Parmesan is one of the finest cheeses in the world, particularly the "Parmigiana-Reggiano," made in a special region of Italy at a particular time of year. It is eaten young in Italy, as a table cheese. Because it is at least two years old when exported here in "wheel" form, it is perfect for cooking only. Parmesan is pungent, nutty and aromatic, lending itself perfectly to all manner of food preparation, requiring only a food processor, strong blender or elbow grease to grate it.
Unfortunately, its name is not protected by law so any cheese can call itself "parmesan," even the pregrated cardboard-boxed cheese. Argentinian parmesan is another type, but is soapy and rather unpleasant and cannot compete with the American parmesan produced in Wisconsin, which is less expensive and quite acceptable substitute for Italian parmesan.

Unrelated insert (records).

theorem lemma2:
  fixes \<alpha> R :: real
  assumes "\<alpha> > 0" and "R > 0"
  shows "\<exists>f' f''.
    (\<forall>r\<ge>0. (ff \<alpha> R has_real_derivative f' r) (at r within {0..})) \<and>
    (\<forall>r\<ge>0. (f' has_real_derivative f'' r) (at r within (if r \<le> R then {0..R} else {R..}))) \<and>
    \<comment> \<open>F1\<close>
    ff \<alpha> R 0 = 0 \<and> f' 0 = 1 \<and>
    \<comment> \<open>F2\<close>
    (\<forall>r\<ge>0. (1/2) * exp (- \<alpha> * R\<^sup>2) \<le> (1/2) * psi \<alpha> R r \<and>
             (1/2) * psi \<alpha> R r \<le> f' r \<and> f' r \<le> 1) \<and>
    \<comment> \<open>F3\<close>
    (\<forall>r\<ge>0. (1/2) * exp (- \<alpha> * R\<^sup>2) * r \<le> (1/2) * Psi \<alpha> R r \<and>
             (1/2) * Psi \<alpha> R r \<le> ff \<alpha> R r \<and> ff \<alpha> R r \<le> Psi \<alpha> R r \<and> Psi \<alpha> R r \<le> r) \<and>
    \<comment> \<open>F4\<close>
    (\<forall>r. 0 \<le> r \<and> r \<le> R \<longrightarrow>
        f'' r + \<alpha> * r * f' r \<le> - (exp (- \<alpha> * R\<^sup>2) / R\<^sup>2) * ff \<alpha> R r) \<and>
    \<comment> \<open>F5\<close>
    (\<forall>r\<ge>0. f'' r \<le> 0) \<and> (\<forall>r>R. f'' r = 0) \<and>
    \<comment> \<open>F6\<close>
    (\<alpha> * R\<^sup>2 \<ge> ln 2 \<longrightarrow>
       (\<forall>c r. 0 < c \<and> c < 1 \<and> 0 \<le> r \<longrightarrow>
          ff \<alpha> R r \<le> exp (- (c * exp (- \<alpha> * R\<^sup>2)) / 4) * ff \<alpha> R ((1 + c) * r)))"
proof -
  interpret cutoff_profile \<alpha> R
    using assms by unfold_locales auto
  have D1: "\<forall>r\<ge>0. (f has_real_derivative ff' r) (at r within {0..})"
    using ff_has_derivative by blast
  have D2: "\<forall>r\<ge>0. (ff' has_real_derivative ff'' r) (at r within (if r \<le> R then {0..R} else {R..}))"
    using ff'_has_derivative_inside ff'_has_derivative_outside by auto
  have F1: "f 0 = 0"
    by (simp add: ff_def)
  have F2: "\<forall>r\<ge>0. (1/2) * E \<le> (1/2) * \<psi> r \<and> (1/2) * \<psi> r \<le> ff' r \<and> ff' r \<le> 1"
    using exp_le_psi ff'_bounds psi_le_one by (auto intro: order_trans)
  have F3: "\<forall>r\<ge>0. (1/2) * E * r \<le> (1/2) * \<Psi> r \<and> (1/2) * \<Psi> r \<le> f r \<and> f r \<le> \<Psi> r \<and> \<Psi> r \<le> r"
    using Psi_lower ff_bounds Psi_upper by auto
  have F4: "\<forall>r. 0 \<le> r \<and> r \<le> R \<longrightarrow> ff'' r + \<alpha> * r * ff' r \<le> - (E / R\<^sup>2) * f r"
    using ff''_drift_bound by blast
  have F5: "(\<forall>r\<ge>0. ff'' r \<le> 0) \<and> (\<forall>r>R. ff'' r = 0)"
    using ff''_nonpos by (simp add: ff''_def)
  have F6: "\<forall>c r. 0 < c \<and> c < 1 \<and> 0 \<le> r \<longrightarrow> f r \<le> exp (- (c * E) / 4) * f ((1 + c) * r)"
    using ff_dilation_bound by simp
  show ?thesis
    using D1 D2 F1 ff'_0 F2 F3 F4 F5 F6 by blast
qed

end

Swiss is, unfortunately, often imitiated, and anything with holes can be called Swiss. The pre-sliced imported Swiss found in most supermarkets is primarily from Finland and is nothing like the real thing. True Swiss cheese is from Switzerland and has a unique, nutty flavor all its own. American Swiss that is aged for 60 to 90 days is an adequate alternative when you cannot find the true Switzerland Swiss. Emmenthal is recognizable by its thin rind and large holes. This Switzerland cheese is a delicatessen sandwich favorite. It is young and mild. Gruyere is the most famous of all Switzerland cheeses. Actually, the French Gruyere is very similar to the Switzerland -- it is simply made on the other side of the mountains. Both types posses wrinkled, amber-colored rinds and are almost "holeless" except for an occasional break here and there. They are pungent, nutty and strong.
It is always preferable to store cheese in air-tight wrapping, in bulk, slicing or grating as you need it. CHEESE FINGERS IN BEER BATTER (10 to 12 Cheese Fingers) 1 pound gruyere cheese cut into fingers, about 3/4 inch by 3/4 inch by 2 inches Flour, for dredging Vegetable oil for frying, 2 to 3 inches deep BATTER: 1 1/2 cups flour 1 teaspoon salt teaspoon paprika 3/4 cup flat beer 1/2 cup water 2 egg whites, stiffly beaten
Make the batter at least 1 hour in advance. Sift the flour, salt and paprika into a bowl. Make a well in the center. Place the beer and water into the well and begin to whisk the dry ingredients into the liquid, drawing in the flour from the edges of the well to keep the batter smooth. Just before you are ready to fry the cheese fingers, stiffly beat the egg whites and gently fold them into the batter to lighten it. It should now be the consistency of heavy whipping cream. If it is too thick, thin with water.
Cut the cheese into finger lengths. Place enough flour in a bag to toss the cheese and cover it. (Once the cheese has been tossed in the flour the batter will adhere.)
Wave the cheese fingers "like a flag" to remove excess flour, then spear individually onto a skewer or fork and dip into the batter. Gently slide the cheese off its skewer into the hot oil (350 degrees), frying for 2 to 3 minutes or until golden brown and crisp.
Fry only 6 or 7 cheese sticks at a time so the temperature of the oil does not drop. Make sure you do not keep them in the oil too long or their insides will disappear and you will bite into an empty shell.